--- SUPPLIED INFORMATION Enclosed Below ---
text \<open>q_{X;m}(x) = m * P_{X;m}[i] for x in [(i - 1/2)/m, (i + 1/2)/m),
  i.e. i = floor(1/2 + m x).\<close>
definition quant_density :: "(real \<Rightarrow> real) \<Rightarrow> real \<Rightarrow> real \<Rightarrow> real" where
  "quant_density p m x = m * quant_pmf p m \<lfloor>1/2 + m * x\<rfloor>"

end

theory Submission
  imports Defs
begin

text \<open>Quantization is an integral operator, \<open>q(y) = \<integral> K(x,y) p(x) dx\<close>, whose kernel
  \<open>K(x,y)\<close> equals \<open>m\<close> when \<open>x\<close> and \<open>y\<close> lie in the same cell of width \<open>1/m\<close> and \<open>0\<close>
  otherwise. Every row of \<open>K\<close> integrates to \<open>1\<close>, so by Tonelli
  \<open>\<integral> f q = \<integral> p(x) (\<integral> K(x,y) f(y) dy) dx\<close>, and the inner integral is an average of \<open>f\<close>
  over points at distance less than \<open>1/m\<close> from \<open>x\<close>. The \<open>L\<^sup>1\<close> contraction then follows
  from linearity, positivity and preservation of mass. The moment bounds follow from comparing
  \<open>|y|\<^sup>\<alpha>\<close> with \<open>|x|\<^sup>\<alpha>\<close> for \<open>|x - y| < 1/m\<close>; for the lower bound this comparison only
  works on the tail \<open>|x| > 1/\<surd>m\<close>, and the tail moment dominates \<open>Pr(|X| > 1/\<surd>m) E|X|\<^sup>\<alpha>\<close>
  by Chebyshev's association inequality, \<open>|x|\<^sup>\<alpha>\<close> being larger on the tail than off it.\<close>

definition quant_bin :: "real \<Rightarrow> real \<Rightarrow> int" where
  "quant_bin m x = \<lfloor>1/2 + m * x\<rfloor>"

lemma measurable_quant_bin [measurable]: "quant_bin m \<in> measurable borel (count_space UNIV)"
  unfolding quant_bin_def by measurable

lemma quant_bin_eq_iff:
  assumes "0 < m"
  shows "quant_bin m x = i \<longleftrightarrow> x \<in> {(real_of_int i - 1/2) / m ..< (real_of_int i + 1/2) / m}"
proof -
  have "quant_bin m x = i \<longleftrightarrow> real_of_int i - 1/2 \<le> m * x \<and> m * x < real_of_int i + 1/2"
    unfolding quant_bin_def floor_eq_iff by argo
  also have "\<dots> \<longleftrightarrow> x \<in> {(real_of_int i - 1/2) / m ..< (real_of_int i + 1/2) / m}"
    using assms by (simp add: pos_divide_le_eq pos_less_divide_eq mult.commute)
  finally show ?thesis .
qed

lemma quant_bin_eq_imp_dist_less:
  assumes "0 < m" "quant_bin m x = quant_bin m y"
  shows "\<bar>x - y\<bar> < 1/m"
proof -
  have "(real_of_int (quant_bin m y) + 1/2) / m - (real_of_int (quant_bin m y) - 1/2) / m = 1/m"
    using assms(1) by (simp add: field_simps)
  then show ?thesis
    using quant_bin_eq_iff[OF assms(1), of x "quant_bin m y"]
      quant_bin_eq_iff[OF assms(1), of y "quant_bin m y"] assms(2)
    by auto
qed

lemma emeasure_quant_bin_cell:
  assumes "0 < m"
  shows "emeasure lborel {x. quant_bin m x = i} = ennreal (1/m)"
proof -
  have "{x. quant_bin m x = i} = {(real_of_int i - 1/2) / m ..< (real_of_int i + 1/2) / m}"
    using quant_bin_eq_iff[OF assms] by blast
  moreover have "(real_of_int i + 1/2) / m - (real_of_int i - 1/2) / m = 1/m"
    using assms by (simp add: field_simps)
  ultimately show ?thesis
    using assms by (simp add: divide_right_mono)
qed

lemma quant_density_eq_integral:
  assumes "0 < m"
  shows "quant_density p m y
    = m * (LINT x|lborel. indicator {x. quant_bin m x = quant_bin m y} x * p x)"
  unfolding quant_density_def quant_pmf_def set_lebesgue_integral_def
  using quant_bin_eq_iff[OF assms]
  by (auto simp: quant_bin_def indicator_def intro!: arg_cong[where f="(*) m"] Bochner_Integration.integral_cong)

lemma measurable_quant_density [measurable]: "quant_density p m \<in> borel_measurable borel"
proof -
  have "quant_density p m = (\<lambda>y. m * quant_pmf p m (quant_bin m y))"
    by (simp add: fun_eq_iff quant_density_def quant_bin_def)
  also have "\<dots> \<in> borel_measurable borel"
    by (rule measurable_compose_countable[where g = "quant_bin m"]) auto
  finally show ?thesis .
qed

lemma quant_density_nonneg:
  assumes "0 < m" "\<And>x. 0 \<le> p x"
  shows "0 \<le> quant_density p m y"
  unfolding quant_density_eq_integral[OF assms(1)]
  using assms by (intro mult_nonneg_nonneg integral_nonneg_AE) auto

lemma quant_density_diff:
  assumes "integrable lborel p" "integrable lborel r"
  shows "quant_density (\<lambda>x. p x - r x) m y = quant_density p m y - quant_density r m y"
proof -
  have "set_integrable lborel A p" "set_integrable lborel A r" if "A \<in> sets lborel" for A
    using integrable_mult_indicator[OF that assms(1)] integrable_mult_indicator[OF that assms(2)]
    by (simp_all add: set_integrable_def)
  then show ?thesis
    by (simp add: quant_density_def quant_pmf_def right_diff_distrib)
qed

lemma abs_quant_density_le:
  assumes "0 < m" "integrable lborel p"
  shows "\<bar>quant_density p m y\<bar> \<le> quant_density (\<lambda>x. \<bar>p x\<bar>) m y"
proof -
  let ?I = "indicator {x. quant_bin m x = quant_bin m y} :: real \<Rightarrow> real"
  have "\<bar>LINT x|lborel. ?I x * p x\<bar> \<le> (LINT x|lborel. \<bar>?I x * p x\<bar>)"
    by (rule integral_abs_bound)
  also have "\<dots> = (LINT x|lborel. ?I x * \<bar>p x\<bar>)"
    by (simp add: abs_mult)
  finally show ?thesis
    unfolding quant_density_eq_integral[OF assms(1)] using assms(1)
    by (simp add: abs_mult)
qed

definition quant_kernel :: "real \<Rightarrow> real \<Rightarrow> real \<Rightarrow> ennreal" where
  "quant_kernel m x y = (if quant_bin m x = quant_bin m y then ennreal m else 0)"

lemma measurable_quant_kernel [measurable]:
  "(\<lambda>(x, y). quant_kernel m x y) \<in> borel_measurable (lborel \<Otimes>\<^sub>M lborel)"
  unfolding quant_kernel_def by measurable

lemma nn_integral_quant_kernel:
  assumes "0 < m"
  shows "(\<integral>\<^sup>+ y. quant_kernel m x y \<partial>lborel) = 1"
proof -
  have "(\<integral>\<^sup>+ y. quant_kernel m x y \<partial>lborel)
      = (\<integral>\<^sup>+ y. ennreal m * indicator {y. quant_bin m y = quant_bin m x} y \<partial>lborel)"
    by (auto simp: quant_kernel_def indicator_def intro!: nn_integral_cong)
  also have "\<dots> = ennreal m * ennreal (1/m)"
    by (simp add: nn_integral_cmult emeasure_quant_bin_cell[OF assms])
  also have "\<dots> = 1"
    using assms by (simp flip: ennreal_mult)
  finally show ?thesis .
qed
--- End of Enclosed SUPPLIED INFORMATION ---
> [WHAT YOU NEED TO DO]: Track down every line of the material containing the string "lambda", and copy it.

> [EXERCISE RESPONSE]:
  have "quant_density p m = (\<lambda>y. m * quant_pmf p m (quant_bin m y))"
  shows "quant_density (\<lambda>x. p x - r x) m y = quant_density p m y - quant_density r m y"
  shows "\<bar>quant_density p m y\<bar> \<le> quant_density (\<lambda>x. \<bar>p x\<bar>) m y"
  "(\<lambda>(x, y). quant_kernel m x y) \<in> borel_measurable (lborel \<Otimes>\<^sub>M lborel)"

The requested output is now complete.